## [Problem to work on]
Provide again, from the entries below, every line from the one containing "w = (\<Sum>i<N." through the one containing "xi eta \<alpha>", exactly as written, and no other line.
----- Source records -----
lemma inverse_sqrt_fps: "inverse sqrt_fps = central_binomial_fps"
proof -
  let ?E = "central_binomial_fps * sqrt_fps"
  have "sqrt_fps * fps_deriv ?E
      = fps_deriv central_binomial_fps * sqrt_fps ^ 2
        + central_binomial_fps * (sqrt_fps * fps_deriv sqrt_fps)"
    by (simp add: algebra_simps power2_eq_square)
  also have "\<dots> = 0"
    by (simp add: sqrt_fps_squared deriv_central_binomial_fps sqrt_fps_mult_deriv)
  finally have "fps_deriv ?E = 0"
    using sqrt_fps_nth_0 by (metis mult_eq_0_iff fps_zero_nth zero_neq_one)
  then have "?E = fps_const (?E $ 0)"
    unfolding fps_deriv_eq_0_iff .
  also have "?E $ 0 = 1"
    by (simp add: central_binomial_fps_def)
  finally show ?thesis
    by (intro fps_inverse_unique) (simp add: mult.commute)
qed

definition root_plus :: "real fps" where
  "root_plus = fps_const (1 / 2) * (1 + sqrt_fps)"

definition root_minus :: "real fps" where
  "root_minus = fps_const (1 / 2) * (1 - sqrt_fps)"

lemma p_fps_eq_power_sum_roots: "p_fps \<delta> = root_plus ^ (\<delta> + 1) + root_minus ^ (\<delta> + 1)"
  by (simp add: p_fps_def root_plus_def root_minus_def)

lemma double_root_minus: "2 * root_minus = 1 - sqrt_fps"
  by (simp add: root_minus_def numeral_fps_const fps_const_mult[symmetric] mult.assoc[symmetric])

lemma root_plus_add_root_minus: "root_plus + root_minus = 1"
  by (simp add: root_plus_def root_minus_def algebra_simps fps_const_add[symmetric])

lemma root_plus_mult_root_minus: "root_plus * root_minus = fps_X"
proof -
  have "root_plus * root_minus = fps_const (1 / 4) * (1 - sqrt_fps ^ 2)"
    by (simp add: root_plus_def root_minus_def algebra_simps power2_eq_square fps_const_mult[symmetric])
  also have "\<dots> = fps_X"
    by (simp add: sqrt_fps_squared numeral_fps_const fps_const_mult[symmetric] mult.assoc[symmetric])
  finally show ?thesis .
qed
-----
----- Source records -----
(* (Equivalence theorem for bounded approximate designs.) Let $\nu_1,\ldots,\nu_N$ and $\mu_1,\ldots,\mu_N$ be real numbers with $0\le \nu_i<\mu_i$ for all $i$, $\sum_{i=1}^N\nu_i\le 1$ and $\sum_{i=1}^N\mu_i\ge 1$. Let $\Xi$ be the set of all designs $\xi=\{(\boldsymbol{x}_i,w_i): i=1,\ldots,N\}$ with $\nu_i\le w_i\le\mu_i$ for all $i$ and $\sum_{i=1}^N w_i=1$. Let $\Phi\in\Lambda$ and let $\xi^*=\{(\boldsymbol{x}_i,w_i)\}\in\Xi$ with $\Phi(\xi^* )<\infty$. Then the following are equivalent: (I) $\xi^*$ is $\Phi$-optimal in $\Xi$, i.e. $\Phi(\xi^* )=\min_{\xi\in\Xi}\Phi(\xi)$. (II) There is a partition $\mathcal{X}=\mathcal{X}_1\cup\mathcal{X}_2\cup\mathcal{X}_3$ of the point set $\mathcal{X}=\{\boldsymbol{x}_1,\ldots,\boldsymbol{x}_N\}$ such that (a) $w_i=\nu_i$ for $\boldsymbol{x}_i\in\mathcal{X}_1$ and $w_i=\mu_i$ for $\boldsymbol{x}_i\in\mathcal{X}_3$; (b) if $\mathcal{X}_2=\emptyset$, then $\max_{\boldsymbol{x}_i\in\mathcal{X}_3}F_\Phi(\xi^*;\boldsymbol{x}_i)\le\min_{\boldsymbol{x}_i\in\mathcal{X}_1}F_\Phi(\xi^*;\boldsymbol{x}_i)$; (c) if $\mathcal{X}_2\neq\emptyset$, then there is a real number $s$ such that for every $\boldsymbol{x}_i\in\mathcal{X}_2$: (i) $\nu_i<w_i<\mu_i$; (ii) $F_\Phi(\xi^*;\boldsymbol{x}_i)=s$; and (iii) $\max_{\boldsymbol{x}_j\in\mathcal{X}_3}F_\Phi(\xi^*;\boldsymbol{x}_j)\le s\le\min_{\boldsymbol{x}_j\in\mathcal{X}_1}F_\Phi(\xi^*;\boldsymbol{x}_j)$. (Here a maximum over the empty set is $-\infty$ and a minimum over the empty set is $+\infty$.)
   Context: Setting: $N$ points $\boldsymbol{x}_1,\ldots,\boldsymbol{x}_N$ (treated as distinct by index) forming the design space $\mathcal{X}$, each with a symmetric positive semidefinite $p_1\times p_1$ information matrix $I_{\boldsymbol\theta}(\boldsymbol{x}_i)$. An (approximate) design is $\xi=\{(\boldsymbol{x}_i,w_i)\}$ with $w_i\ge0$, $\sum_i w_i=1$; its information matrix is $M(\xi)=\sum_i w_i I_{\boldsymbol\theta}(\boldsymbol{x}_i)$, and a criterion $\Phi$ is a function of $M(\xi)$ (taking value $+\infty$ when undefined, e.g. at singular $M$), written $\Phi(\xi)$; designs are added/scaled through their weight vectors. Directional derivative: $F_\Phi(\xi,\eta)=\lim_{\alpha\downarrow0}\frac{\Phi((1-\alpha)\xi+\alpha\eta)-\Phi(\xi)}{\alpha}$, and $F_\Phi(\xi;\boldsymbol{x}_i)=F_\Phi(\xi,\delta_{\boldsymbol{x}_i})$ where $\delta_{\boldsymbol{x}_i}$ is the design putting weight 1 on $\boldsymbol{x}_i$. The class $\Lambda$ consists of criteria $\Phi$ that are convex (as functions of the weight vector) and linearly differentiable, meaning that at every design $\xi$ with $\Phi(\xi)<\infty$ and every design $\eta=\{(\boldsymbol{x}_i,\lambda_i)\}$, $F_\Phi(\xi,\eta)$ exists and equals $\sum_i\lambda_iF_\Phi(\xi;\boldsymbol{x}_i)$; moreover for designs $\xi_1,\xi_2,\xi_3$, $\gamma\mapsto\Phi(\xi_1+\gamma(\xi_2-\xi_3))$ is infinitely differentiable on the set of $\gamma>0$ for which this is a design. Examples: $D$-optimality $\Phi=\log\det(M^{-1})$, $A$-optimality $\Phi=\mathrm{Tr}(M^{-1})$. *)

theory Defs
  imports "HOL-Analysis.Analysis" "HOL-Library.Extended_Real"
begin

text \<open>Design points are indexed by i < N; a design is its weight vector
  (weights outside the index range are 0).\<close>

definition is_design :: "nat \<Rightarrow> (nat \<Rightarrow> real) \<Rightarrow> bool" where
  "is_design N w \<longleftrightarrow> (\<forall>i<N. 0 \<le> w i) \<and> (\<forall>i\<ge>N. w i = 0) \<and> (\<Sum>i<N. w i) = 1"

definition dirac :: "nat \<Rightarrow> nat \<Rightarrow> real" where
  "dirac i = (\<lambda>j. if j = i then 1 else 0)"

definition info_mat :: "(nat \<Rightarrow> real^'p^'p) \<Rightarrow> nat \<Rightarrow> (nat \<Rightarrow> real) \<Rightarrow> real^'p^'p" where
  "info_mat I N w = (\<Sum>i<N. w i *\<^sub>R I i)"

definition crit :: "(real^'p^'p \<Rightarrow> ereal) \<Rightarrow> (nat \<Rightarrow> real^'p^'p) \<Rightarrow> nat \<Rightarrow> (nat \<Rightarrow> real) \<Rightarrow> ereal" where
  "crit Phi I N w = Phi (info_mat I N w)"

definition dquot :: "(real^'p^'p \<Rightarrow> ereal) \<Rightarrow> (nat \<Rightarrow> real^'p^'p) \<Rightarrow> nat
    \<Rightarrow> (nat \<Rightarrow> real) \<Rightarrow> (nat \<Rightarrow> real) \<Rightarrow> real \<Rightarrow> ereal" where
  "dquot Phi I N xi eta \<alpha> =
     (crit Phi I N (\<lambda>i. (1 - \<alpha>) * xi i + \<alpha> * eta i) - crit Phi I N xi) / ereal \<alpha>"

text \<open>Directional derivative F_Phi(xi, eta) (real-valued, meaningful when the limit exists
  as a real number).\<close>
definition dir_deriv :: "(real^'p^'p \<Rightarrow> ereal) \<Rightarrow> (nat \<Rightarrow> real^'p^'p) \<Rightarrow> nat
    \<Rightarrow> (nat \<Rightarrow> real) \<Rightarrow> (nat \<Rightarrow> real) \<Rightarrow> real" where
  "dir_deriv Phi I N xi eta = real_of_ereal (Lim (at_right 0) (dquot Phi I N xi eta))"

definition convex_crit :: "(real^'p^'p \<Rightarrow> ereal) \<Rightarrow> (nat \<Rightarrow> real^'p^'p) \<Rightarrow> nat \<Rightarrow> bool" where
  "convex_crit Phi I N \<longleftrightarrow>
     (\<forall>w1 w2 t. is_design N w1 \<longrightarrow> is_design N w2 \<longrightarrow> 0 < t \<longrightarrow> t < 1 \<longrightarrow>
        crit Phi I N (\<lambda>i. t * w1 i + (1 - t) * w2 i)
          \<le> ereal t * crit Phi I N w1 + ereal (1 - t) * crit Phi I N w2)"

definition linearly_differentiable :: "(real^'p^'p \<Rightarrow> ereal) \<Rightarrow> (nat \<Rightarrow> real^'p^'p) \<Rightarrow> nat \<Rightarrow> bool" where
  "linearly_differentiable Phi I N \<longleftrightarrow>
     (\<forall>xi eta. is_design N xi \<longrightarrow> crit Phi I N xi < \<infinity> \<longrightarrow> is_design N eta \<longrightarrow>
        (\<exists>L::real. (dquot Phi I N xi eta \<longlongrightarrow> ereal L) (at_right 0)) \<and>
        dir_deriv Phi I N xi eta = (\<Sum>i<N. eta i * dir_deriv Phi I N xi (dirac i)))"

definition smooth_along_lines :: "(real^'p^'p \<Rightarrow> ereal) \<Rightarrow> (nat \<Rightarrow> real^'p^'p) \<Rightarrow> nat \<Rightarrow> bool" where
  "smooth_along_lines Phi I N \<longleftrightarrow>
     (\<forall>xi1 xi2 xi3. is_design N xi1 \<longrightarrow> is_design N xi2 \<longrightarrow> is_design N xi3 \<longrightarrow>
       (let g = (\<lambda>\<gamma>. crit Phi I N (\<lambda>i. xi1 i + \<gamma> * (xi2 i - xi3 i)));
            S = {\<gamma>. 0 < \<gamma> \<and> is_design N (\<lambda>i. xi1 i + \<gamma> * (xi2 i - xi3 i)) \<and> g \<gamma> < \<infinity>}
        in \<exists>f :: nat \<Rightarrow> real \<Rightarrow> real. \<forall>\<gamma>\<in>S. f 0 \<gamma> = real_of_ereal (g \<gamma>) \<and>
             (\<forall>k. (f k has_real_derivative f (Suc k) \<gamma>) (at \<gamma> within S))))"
-----
## [Expected answer]
  "info_mat I N w = (\<Sum>i<N. w i *\<^sub>R I i)"

definition crit :: "(real^'p^'p \<Rightarrow> ereal) \<Rightarrow> (nat \<Rightarrow> real^'p^'p) \<Rightarrow> nat \<Rightarrow> (nat \<Rightarrow> real) \<Rightarrow> ereal" where
  "crit Phi I N w = Phi (info_mat I N w)"

definition dquot :: "(real^'p^'p \<Rightarrow> ereal) \<Rightarrow> (nat \<Rightarrow> real^'p^'p) \<Rightarrow> nat
    \<Rightarrow> (nat \<Rightarrow> real) \<Rightarrow> (nat \<Rightarrow> real) \<Rightarrow> real \<Rightarrow> ereal" where
  "dquot Phi I N xi eta \<alpha> =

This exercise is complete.